From 1964 to 1968 she was a student of Gnessin Moscow Special School of Music (piano as a major study). From 1968–1973 she was a student of Piano Department of Gnessin Russian Academy of Music. From 1969–1973 she was a student of Maxim Gorky Literature Institute (Poetry Department). Her poems were published in “Iynost’” magazine, her own poetry collection was published later.

In 1970 she married Evgeniy Kozlov, who was an alumnus of Moscow State University Philosophy Faculty. From 1974–1976 she worked as a teacher at Voroshilovgrad State Music School (piano class). Then from 1976–1994 she was a lecturer at Voroshilovgrad State Pedagogical University named after Taras Shevchenko.
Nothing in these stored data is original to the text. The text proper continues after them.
(* Let $n\ge 1$. The totally nonnegative complete flag variety $\mathrm{Fl}_n^{\geq 0}$ equals the set $\{F\in \mathrm{Fl}_n \mid P_I(F)\geq 0 \text{ for all } I\subseteq [n]\}$, i.e. a complete flag $F$ lies in $\mathrm{Fl}_n^{\ge 0}$ if and only if it has a representing matrix all of whose flag minors are nonnegative.
   Context: $\mathrm{Fl}_n$ is the real complete flag variety: the set of chains $\{0\}=V_0\subsetneq V_1\subsetneq\cdots\subsetneq V_n=\mathbb{R}^n$ of linear subspaces. A flag is represented by an invertible real $n\times n$ matrix $M$ such that $V_i$ is the span of the top $i$ rows of $M$; two matrices represent the same flag iff they differ by left multiplication by an invertible lower triangular matrix. For $I\subseteq[n]$, the Plücker coordinate (flag minor) $P_I(M)$ is the determinant of the submatrix of $M$ in rows $1,\dots,|I|$ and columns $I$; for a flag $F$, $(P_I(F))_I$ is defined up to a positive or negative rescaling of each group $\{P_I: |I|=k\}$, and "$P_I(F)\ge 0$ for all $I$" means that some representing matrix $M$ of $F$ has $P_I(M)\ge 0$ for all $I\subseteq[n]$. A real matrix is totally positive if all its minors are positive. $\mathrm{Fl}_n^{>0}$ is the set of flags having a totally positive representing matrix, and $\mathrm{Fl}_n^{\geq 0}$ is the closure of $\mathrm{Fl}_n^{>0}$ in $\mathrm{Fl}_n$ in the Euclidean topology. *)

theory Defs
  imports "HOL-Analysis.Analysis"
begin

text \<open>Real n x n matrices are encoded as functions nat => nat => real that vanish
outside the index range {0..<n} x {0..<n} (rows/columns are 0-based, so the paper's
row i is our row i-1). The function space carries the product topology, which on these
matrices is the Euclidean topology.\<close>

definition sqmats :: "nat \<Rightarrow> (nat \<Rightarrow> nat \<Rightarrow> real) set" where
  "sqmats n = {M. \<forall>i j. (n \<le> i \<or> n \<le> j) \<longrightarrow> M i j = 0}"

definition detk :: "nat \<Rightarrow> (nat \<Rightarrow> nat \<Rightarrow> real) \<Rightarrow> real" where
  "detk k A = (\<Sum>p\<in>{p. p permutes {..<k}}. of_int (sign p) * (\<Prod>i<k. A i (p i)))"

definition minor :: "(nat \<Rightarrow> nat \<Rightarrow> real) \<Rightarrow> nat set \<Rightarrow> nat set \<Rightarrow> real" where
  "minor M R C = detk (card R)
     (\<lambda>i j. M (sorted_list_of_set R ! i) (sorted_list_of_set C ! j))"

definition GLn :: "nat \<Rightarrow> (nat \<Rightarrow> nat \<Rightarrow> real) set" where
  "GLn n = {M \<in> sqmats n. detk n M \<noteq> 0}"

definition flag_minor :: "(nat \<Rightarrow> nat \<Rightarrow> real) \<Rightarrow> nat set \<Rightarrow> real" where
  "flag_minor M I = minor M {..<card I} I"

definition totally_positive :: "nat \<Rightarrow> (nat \<Rightarrow> nat \<Rightarrow> real) \<Rightarrow> bool" where
  "totally_positive n M \<longleftrightarrow>
     (\<forall>R C. R \<subseteq> {..<n} \<and> C \<subseteq> {..<n} \<and> R \<noteq> {} \<and> card R = card C \<longrightarrow> minor M R C > 0)"

definition flag_of :: "nat \<Rightarrow> (nat \<Rightarrow> nat \<Rightarrow> real) \<Rightarrow> nat \<Rightarrow> (nat \<Rightarrow> real) set" where
  "flag_of n M = (\<lambda>k. if k \<le> n then {v. \<exists>c. v = (\<lambda>j. \<Sum>i<k. c i * M i j)} else {})"

definition Fl :: "nat \<Rightarrow> (nat \<Rightarrow> (nat \<Rightarrow> real) set) set" where
  "Fl n = flag_of n ` GLn n"

text \<open>Euclidean topology on Fl_n: the quotient topology induced by GL_n -> Fl_n.\<close>
definition Fl_topology :: "nat \<Rightarrow> (nat \<Rightarrow> (nat \<Rightarrow> real) set) topology" where
  "Fl_topology n = topology (\<lambda>U. U \<subseteq> Fl n \<and>
       openin (top_of_set (GLn n)) {M \<in> GLn n. flag_of n M \<in> U})"

definition Fl_pos :: "nat \<Rightarrow> (nat \<Rightarrow> (nat \<Rightarrow> real) set) set" where
  "Fl_pos n = flag_of n ` {M \<in> GLn n. totally_positive n M}"

definition Fl_nonneg :: "nat \<Rightarrow> (nat \<Rightarrow> (nat \<Rightarrow> real) set) set" where
  "Fl_nonneg n = (Fl_topology n) closure_of (Fl_pos n)"

end

theory Submission
  imports Defs Jordan_Normal_Form.Determinant
begin
(* Let $(V,\Omega)$ be a finite-dimensional real symplectic vector space and let $A:V\to V$ be a linear map with $\Omega(Ax,y)+\Omega(x,Ay)=0$ for all $x,y\in V$ and $A^2=+I$. Let $V_+=\ker(A-I)$, $V_-=\ker(A+I)$, so $V=V_+\oplus V_-$, and let $P_\pm:V\to V_\pm$, $z\mapsto z_\pm$, be the corresponding projections. Let $\theta^A$ be the one-form on $V$ given by $\theta^A_z(v_z)=\frac{1}{2}\Omega(z-Az,v)$, and let ${\rm Aut}(V,\theta^A)$ be the group of all diffeomorphisms $g:V\to V$ satisfying $g^*\theta^A=\theta^A$. Then the rule \[ g(z)=f(z_+)+\Bigl[\{f'_{z_+}\circ P_+\}^{\dagger}\Bigr]^{-1}(z_-) \qquad (z\in V)\] defines a group isomorphism ${\rm Diff}(V_+)\to{\rm Aut}(V,\theta^A)$, $f\mapsto g$, where ${\rm Diff}(V_+)$ is the group of all diffeomorphisms of $V_+$.
   Context: $V$ is a finite-dimensional real vector space and $\Omega$ a nonsingular alternating bilinear form on $V$; $V_+$ and $V_-$ are then Lagrangian subspaces. For $z,v\in V$, $v_z\in T_zV$ denotes the tangent vector at $z$ corresponding to $v$ under the canonical identification $T_zV\cong V$. For a smooth map $g:V\to V$, $(g^*\theta^A)_z(v_z)=\frac12\Omega(g(z)-Ag(z),g'_z v)$, where $g'_z$ is the derivative of $g$ at $z$. For a linear map $B:V\to V$, its symplectic adjoint $B^\dagger$ is defined by $\Omega(B^\dagger x,y)=\Omega(x,By)$ for all $x,y\in V$. In the formula, $f'_{z_+}:V_+\to V_+$ is the derivative of $f$ at $z_+$, and $f'_{z_+}\circ P_+$ is regarded as a linear map $V\to V$ (with range in $V_+$); its symplectic adjoint restricts to a linear isomorphism of $V_-$ onto itself, and $[\,\cdot\,]^{-1}$ denotes the inverse of this restriction, applied to $z_-\in V_-$. *)

theory Defs
  imports "HOL-Analysis.Analysis" "HOL-Library.FuncSet"
begin

fun ddiff :: "('a::real_normed_vector \<Rightarrow> 'b::real_normed_vector) \<Rightarrow> 'a list \<Rightarrow> 'a \<Rightarrow> 'b" where
  "ddiff f [] = f"
| "ddiff f (v # vs) = (\<lambda>x. frechet_derivative (ddiff f vs) (at x) v)"

definition smooth :: "('a::real_normed_vector \<Rightarrow> 'b::real_normed_vector) \<Rightarrow> bool" where
  "smooth f \<longleftrightarrow> (\<forall>vs. ddiff f vs differentiable_on UNIV)"

definition diffeo :: "('a::real_normed_vector \<Rightarrow> 'a) \<Rightarrow> bool" where
  "diffeo g \<longleftrightarrow> smooth g \<and> (\<exists>h. smooth h \<and> h \<circ> g = id \<and> g \<circ> h = id)"

definition symplectic_form :: "('a::real_vector \<Rightarrow> 'a \<Rightarrow> real) \<Rightarrow> bool" where
  "symplectic_form \<Omega> \<longleftrightarrow> bilinear \<Omega> \<and> (\<forall>x. \<Omega> x x = 0)
      \<and> (\<forall>x. (\<forall>y. \<Omega> x y = 0) \<longrightarrow> x = 0)"

definition Vplus :: "('a::real_vector \<Rightarrow> 'a) \<Rightarrow> 'a set" where
  "Vplus A = {x. A x - x = 0}"

definition Vminus :: "('a::real_vector \<Rightarrow> 'a) \<Rightarrow> 'a set" where
  "Vminus A = {x. A x + x = 0}"

definition Pplus :: "('a::real_vector \<Rightarrow> 'a) \<Rightarrow> 'a \<Rightarrow> 'a" where
  "Pplus A z = (THE p. p \<in> Vplus A \<and> z - p \<in> Vminus A)"

definition Pminus :: "('a::real_vector \<Rightarrow> 'a) \<Rightarrow> 'a \<Rightarrow> 'a" where
  "Pminus A z = (THE m. m \<in> Vminus A \<and> z - m \<in> Vplus A)"

definition sadj :: "('a::real_vector \<Rightarrow> 'a \<Rightarrow> real) \<Rightarrow> ('a \<Rightarrow> 'a) \<Rightarrow> 'a \<Rightarrow> 'a" where
  "sadj \<Omega> B = (THE C. linear C \<and> (\<forall>x y. \<Omega> (C x) y = \<Omega> x (B y)))"

text \<open>Diff(V+): maps f : V+ -> V+ represented extensionally on V+ (value undefined outside).
  Smoothness of a map on the subspace V+ is expressed as smoothness of f o P+ on V.\<close>
definition Diff_plus :: "('a::real_normed_vector \<Rightarrow> 'a) \<Rightarrow> ('a \<Rightarrow> 'a) set" where
  "Diff_plus A = {f. f \<in> Vplus A \<rightarrow> Vplus A \<and> f \<in> extensional (Vplus A)
      \<and> smooth (f \<circ> Pplus A)
      \<and> (\<exists>h. h \<in> Vplus A \<rightarrow> Vplus A \<and> smooth (h \<circ> Pplus A)
             \<and> (\<forall>x\<in>Vplus A. h (f x) = x \<and> f (h x) = x))}"

definition pullback_theta :: "('a::real_normed_vector \<Rightarrow> 'a \<Rightarrow> real) \<Rightarrow> ('a \<Rightarrow> 'a) \<Rightarrow> ('a \<Rightarrow> 'a) \<Rightarrow> 'a \<Rightarrow> 'a \<Rightarrow> real" where
  "pullback_theta \<Omega> A g z v = (1/2) * \<Omega> (g z - A (g z)) (frechet_derivative g (at z) v)"

definition theta :: "('a::real_normed_vector \<Rightarrow> 'a \<Rightarrow> real) \<Rightarrow> ('a \<Rightarrow> 'a) \<Rightarrow> 'a \<Rightarrow> 'a \<Rightarrow> real" where
  "theta \<Omega> A z v = (1/2) * \<Omega> (z - A z) v"

definition Aut :: "('a::real_normed_vector \<Rightarrow> 'a \<Rightarrow> real) \<Rightarrow> ('a \<Rightarrow> 'a) \<Rightarrow> ('a \<Rightarrow> 'a) set" where
  "Aut \<Omega> A = {g. diffeo g \<and> pullback_theta \<Omega> A g = theta \<Omega> A}"

text \<open>The lift f |-> g, g(z) = f(z+) + [(f'_{z+} o P+)^dagger |_{V-}]^{-1}(z-).
  The derivative of f o P+ at z+ is f'_{z+} o P+.\<close>
definition lift :: "('a::real_normed_vector \<Rightarrow> 'a \<Rightarrow> real) \<Rightarrow> ('a \<Rightarrow> 'a) \<Rightarrow> ('a \<Rightarrow> 'a) \<Rightarrow> 'a \<Rightarrow> 'a" where
  "lift \<Omega> A f z = f (Pplus A z)
     + (THE w. w \<in> Vminus A
          \<and> sadj \<Omega> (frechet_derivative (f \<circ> Pplus A) (at (Pplus A z))) w = Pminus A z)"

end

theory Submission
  imports Defs
begin
definition Phi :: "('a, 'm) monoid_scheme \<Rightarrow> 'a multiset \<Rightarrow>
    (('a \<times> nat) \<times> 'a set, (('a \<times> nat) \<times> 'a set) set \<times> 'a) mgraph" where
  "Phi G S =
    (let V = {(oc, c). oc \<in> occs S \<and> c \<in> rcosets\<^bsub>G\<^esub> (generate G {fst oc})}
     in \<lparr> mverts = V,
          medges = {({u, v}, g) | u v g. u \<in> V \<and> v \<in> V \<and> fst u \<noteq> fst v
                                    \<and> g \<in> snd u \<inter> snd v},
          mends = fst \<rparr>)"

end

theory Submission
  imports Defs
begin

text \<open>Write H for the subgroup generated by S. The coset of a vertex (s, \<langle>s\<rangle>y) lies in the
single right coset H y, and adjacent vertices share an element, so a component never leaves the
block of vertices whose cosets lie in one right coset of H. Conversely, the vertices through a
common element y are pairwise adjacent, and for a generator a the vertex (a, \<langle>a\<rangle>y) is also the
vertex (a, \<langle>a\<rangle>ay); so one walks from the vertices through y to those through hy for every h in H,
and the components are exactly these blocks, one for each right coset of H. Right multiplication
by x\<inverse> is an automorphism of the graph carrying the block of H x onto the block of H, and the
latter is the graph of H itself, since \<langle>a\<rangle> and its cosets are the same whether computed in G or in
H.\<close>

lemma mg_isomorphic_induced_image:
  assumes f: "bij_betw f (mverts A) (mverts B)" and h: "bij_betw h (medges A) (medges B)"
    and ends: "\<forall>e \<in> medges A. mends B (h e) = f ` mends A e"
    and ends_verts: "\<forall>e \<in> medges A. mends A e \<subseteq> mverts A"
    and C: "C \<subseteq> mverts A"
  shows "mg_isomorphic (mg_induced A C) (mg_induced B (f ` C))"
proof -
  have inj: "inj_on f (mverts A)"
    using f by (rule bij_betw_imp_inj_on)
  have ends_in_C: "mends A e \<subseteq> C \<longleftrightarrow> mends B (h e) \<subseteq> f ` C" if e: "e \<in> medges A" for e
  proof
    assume fC: "mends B (h e) \<subseteq> f ` C"
    show "mends A e \<subseteq> C"
    proof
      fix v assume "v \<in> mends A e"
      then show "v \<in> C"
        using fC ends e ends_verts inj_on_image_mem_iff[OF inj _ C] by blast
    qed
  qed (use ends e in auto)
  have "h ` {e \<in> medges A. mends A e \<subseteq> C} = {e \<in> medges B. mends B e \<subseteq> f ` C}"
    using h ends_in_C by (fastforce simp: bij_betw_def)
  then have "bij_betw h {e \<in> medges A. mends A e \<subseteq> C} {e \<in> medges B. mends B e \<subseteq> f ` C}"
    by (intro bij_betw_subset[OF h]) auto
  moreover have "bij_betw f C (f ` C)"
    using bij_betw_subset[OF f C] by blast
  ultimately show ?thesis
    unfolding mg_isomorphic_def mg_induced_def using ends by (simp (no_asm_simp)) blast
qed

definition coset_vertex :: "('a, 'm) monoid_scheme \<Rightarrow> 'a \<times> nat \<Rightarrow> 'a \<Rightarrow> ('a \<times> nat) \<times> 'a set" where
  "coset_vertex G oc y = (oc, generate G {fst oc} #>\<^bsub>G\<^esub> y)"

lemma occs_fst_in_mset: "oc \<in> occs S \<Longrightarrow> fst oc \<in># S"
  by (cases oc) (auto simp: occs_def intro: count_inI)

lemma mverts_Phi:
  "w \<in> mverts (Phi G S) \<longleftrightarrow> fst w \<in> occs S \<and> (\<exists>y \<in> carrier G. w = coset_vertex G (fst w) y)"
  by (cases w) (auto simp: Phi_def Let_def RCOSETS_def coset_vertex_def)

lemma medges_Phi:
  "e \<in> medges (Phi G S) \<longleftrightarrow>
     (\<exists>u v g. e = ({u, v}, g) \<and> u \<in> mverts (Phi G S) \<and> v \<in> mverts (Phi G S) \<and> fst u \<noteq> fst v
        \<and> g \<in> snd u \<inter> snd v)"
  by (simp add: Phi_def Let_def)

lemma mends_Phi: "mends (Phi G S) = fst"
  by (simp add: Phi_def Let_def)

lemma mends_Phi_subset_mverts: "e \<in> medges (Phi G S) \<Longrightarrow> mends (Phi G S) e \<subseteq> mverts (Phi G S)"
  by (auto simp: medges_Phi mends_Phi)

lemma medges_Phi_subgraph:
  assumes "mverts (Phi G' S) \<subseteq> mverts (Phi G S)"
  shows "medges (Phi G' S) = {e \<in> medges (Phi G S). fst e \<subseteq> mverts (Phi G' S)}"
proof (intro equalityI subsetI)
  fix e assume "e \<in> medges (Phi G' S)"
  then obtain u v g where uvg: "e = ({u, v}, g)" "u \<in> mverts (Phi G' S)" "v \<in> mverts (Phi G' S)"
    "fst u \<noteq> fst v" "g \<in> snd u \<inter> snd v"
    unfolding medges_Phi by blast
  then have "e \<in> medges (Phi G S)"
    unfolding medges_Phi using assms by (intro exI[of _ u] exI[of _ v] exI[of _ g]) auto
  then show "e \<in> {e \<in> medges (Phi G S). fst e \<subseteq> mverts (Phi G' S)}"
    using uvg by simp
next
  fix e assume "e \<in> {e \<in> medges (Phi G S). fst e \<subseteq> mverts (Phi G' S)}"
  then obtain u v g where "e = ({u, v}, g)" "fst u \<noteq> fst v" "g \<in> snd u \<inter> snd v"
    "{u, v} \<subseteq> mverts (Phi G' S)"
    unfolding medges_Phi by auto
  then show "e \<in> medges (Phi G' S)"
    unfolding medges_Phi by (intro exI[of _ u] exI[of _ v] exI[of _ g]) simp
qed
Head of the Theory, History of Music and Playing Musical Instruments Chair, Dean of Music and Musical Culture Department.

In 1984 she defended candidate dissertation under the title: “Epistemological analysis of the role of a rhythm in the process of artistic creation” and was awarded Ph. D. degree in Philosophical Sciences, specialization: Aesthetics. In 1991 she defended doctoral dissertation under the title: “Category of time in music” and was awarded D. Sc. degree in Philosophical Sciences, specialization: Aesthetics.

From 1994–1997 she was Rector of Luhansk Postgraduate Education Institute, from 1997–2000, professor of Philosophy Department of Volodymyr Dahl East Ukrainian National University and from 2000–2013, Head of the World Philosophy and Aesthetics Chair of Volodymyr Dahl East Ukrainian National University. Since 2001 she has been Dean of Philosophy Department of Volodymyr Dahl East Ukrainian National University and since 2003, head of the specialized Ph. D. and D. Sc. science council D 29.051.05 (specialization: Aesthetics, Philosophical Anthropology, Philosophy of Culture).

In 2010 she awarded with the title of Honored Scientist of Ukraine. Suchantseva was a Head of the World Philosophy and Aesthetics Chair, Head of the Institute of Philosophy and Psychology of Volodymyr Dahl East Ukrainian National University.

== Scientific activities ==
Suchantseva’s major scientific interests are focused on Philosophy of Culture, Philosophy of Music and Aesthetics. More than three hundred of her scientific works are devoted to these subjects. In these studies philosophical aspects of cultural analysis are described. Her unique language and writing manner were easily capturing reader’s attention. She was a brilliant speaker, who was able to speak easily and accessibly on complex philosophical issues.